**Records shown**
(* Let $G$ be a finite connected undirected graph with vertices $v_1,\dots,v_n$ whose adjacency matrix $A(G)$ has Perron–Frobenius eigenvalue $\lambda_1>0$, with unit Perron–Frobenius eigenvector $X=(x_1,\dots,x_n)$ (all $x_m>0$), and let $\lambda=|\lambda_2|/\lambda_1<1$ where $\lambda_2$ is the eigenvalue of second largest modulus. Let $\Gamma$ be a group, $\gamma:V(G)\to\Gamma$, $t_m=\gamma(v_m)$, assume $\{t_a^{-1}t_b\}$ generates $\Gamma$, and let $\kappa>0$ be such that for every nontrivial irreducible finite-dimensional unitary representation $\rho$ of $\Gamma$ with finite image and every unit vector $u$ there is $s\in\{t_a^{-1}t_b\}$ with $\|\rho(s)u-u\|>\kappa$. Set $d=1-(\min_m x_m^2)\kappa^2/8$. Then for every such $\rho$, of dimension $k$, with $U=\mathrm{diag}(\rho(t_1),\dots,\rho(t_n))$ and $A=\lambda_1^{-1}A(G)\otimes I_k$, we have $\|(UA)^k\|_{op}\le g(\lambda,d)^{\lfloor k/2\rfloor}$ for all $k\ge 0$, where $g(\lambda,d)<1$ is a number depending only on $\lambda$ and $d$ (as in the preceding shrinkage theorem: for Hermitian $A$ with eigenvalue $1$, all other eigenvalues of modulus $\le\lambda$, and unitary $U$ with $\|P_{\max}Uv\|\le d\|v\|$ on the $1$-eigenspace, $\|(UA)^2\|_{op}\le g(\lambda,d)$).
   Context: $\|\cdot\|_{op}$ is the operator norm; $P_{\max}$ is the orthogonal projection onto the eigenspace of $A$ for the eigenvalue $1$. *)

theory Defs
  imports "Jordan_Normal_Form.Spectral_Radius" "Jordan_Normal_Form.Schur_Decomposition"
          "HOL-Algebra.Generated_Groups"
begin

...

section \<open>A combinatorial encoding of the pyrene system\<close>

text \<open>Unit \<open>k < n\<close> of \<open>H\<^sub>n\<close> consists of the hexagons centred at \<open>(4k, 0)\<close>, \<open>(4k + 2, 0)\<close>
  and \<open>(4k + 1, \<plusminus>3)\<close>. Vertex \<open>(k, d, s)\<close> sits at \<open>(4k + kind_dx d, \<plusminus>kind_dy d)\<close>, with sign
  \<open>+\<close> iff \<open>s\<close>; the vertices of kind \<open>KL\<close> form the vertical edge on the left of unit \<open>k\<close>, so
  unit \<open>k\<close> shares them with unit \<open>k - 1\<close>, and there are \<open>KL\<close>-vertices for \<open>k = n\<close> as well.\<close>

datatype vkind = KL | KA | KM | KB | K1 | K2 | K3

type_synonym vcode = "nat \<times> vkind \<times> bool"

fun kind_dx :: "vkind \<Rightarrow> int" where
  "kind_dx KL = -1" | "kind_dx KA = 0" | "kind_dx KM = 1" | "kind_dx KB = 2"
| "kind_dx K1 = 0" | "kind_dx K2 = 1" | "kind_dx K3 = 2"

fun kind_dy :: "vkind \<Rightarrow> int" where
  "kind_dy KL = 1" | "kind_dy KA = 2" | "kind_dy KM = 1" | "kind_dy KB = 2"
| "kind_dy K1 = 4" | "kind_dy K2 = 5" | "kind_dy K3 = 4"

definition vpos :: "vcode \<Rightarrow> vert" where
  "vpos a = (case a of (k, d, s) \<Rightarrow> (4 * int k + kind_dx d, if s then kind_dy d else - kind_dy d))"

==

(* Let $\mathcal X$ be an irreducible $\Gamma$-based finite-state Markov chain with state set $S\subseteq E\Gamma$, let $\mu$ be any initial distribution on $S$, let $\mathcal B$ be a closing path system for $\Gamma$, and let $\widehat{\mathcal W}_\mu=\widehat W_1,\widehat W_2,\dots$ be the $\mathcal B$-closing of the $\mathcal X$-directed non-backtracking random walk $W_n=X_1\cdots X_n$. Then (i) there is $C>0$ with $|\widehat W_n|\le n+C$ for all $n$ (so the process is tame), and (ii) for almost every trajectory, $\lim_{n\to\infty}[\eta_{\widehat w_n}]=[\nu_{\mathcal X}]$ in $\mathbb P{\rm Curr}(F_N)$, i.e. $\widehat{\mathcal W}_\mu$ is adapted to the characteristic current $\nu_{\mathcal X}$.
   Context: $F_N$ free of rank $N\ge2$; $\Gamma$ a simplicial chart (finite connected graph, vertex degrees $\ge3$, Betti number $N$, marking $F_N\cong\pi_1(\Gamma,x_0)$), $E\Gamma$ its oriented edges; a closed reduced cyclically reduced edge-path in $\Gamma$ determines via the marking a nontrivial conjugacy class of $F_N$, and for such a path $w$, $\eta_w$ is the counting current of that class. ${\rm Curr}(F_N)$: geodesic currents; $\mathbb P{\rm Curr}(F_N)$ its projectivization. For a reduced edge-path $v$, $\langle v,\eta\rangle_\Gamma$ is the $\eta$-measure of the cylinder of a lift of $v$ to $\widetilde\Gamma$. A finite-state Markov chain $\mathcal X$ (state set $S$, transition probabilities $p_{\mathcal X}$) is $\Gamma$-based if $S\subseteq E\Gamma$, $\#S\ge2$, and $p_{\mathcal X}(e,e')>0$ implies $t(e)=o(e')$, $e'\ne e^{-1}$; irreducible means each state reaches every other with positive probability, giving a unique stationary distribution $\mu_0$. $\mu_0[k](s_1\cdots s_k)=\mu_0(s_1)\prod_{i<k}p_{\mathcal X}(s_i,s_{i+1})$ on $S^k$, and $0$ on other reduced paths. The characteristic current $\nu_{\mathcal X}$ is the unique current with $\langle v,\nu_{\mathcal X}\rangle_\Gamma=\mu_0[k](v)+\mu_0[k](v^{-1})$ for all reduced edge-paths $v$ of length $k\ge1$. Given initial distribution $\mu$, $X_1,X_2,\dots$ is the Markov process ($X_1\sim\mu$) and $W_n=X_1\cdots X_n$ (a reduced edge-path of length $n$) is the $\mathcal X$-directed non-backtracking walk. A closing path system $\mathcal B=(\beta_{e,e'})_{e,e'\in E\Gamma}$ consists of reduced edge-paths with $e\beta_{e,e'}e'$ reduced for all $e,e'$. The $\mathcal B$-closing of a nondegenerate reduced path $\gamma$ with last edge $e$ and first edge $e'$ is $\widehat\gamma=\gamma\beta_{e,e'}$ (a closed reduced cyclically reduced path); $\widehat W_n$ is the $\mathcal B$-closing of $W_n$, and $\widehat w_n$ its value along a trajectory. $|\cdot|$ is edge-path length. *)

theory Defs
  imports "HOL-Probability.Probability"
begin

**Problem to work on**
Scan the data above for the word "vcode" and report every line where it is found.

**Response to this task**
type_synonym vcode = "nat \<times> vkind \<times> bool"
definition vpos :: "vcode \<Rightarrow> vert" where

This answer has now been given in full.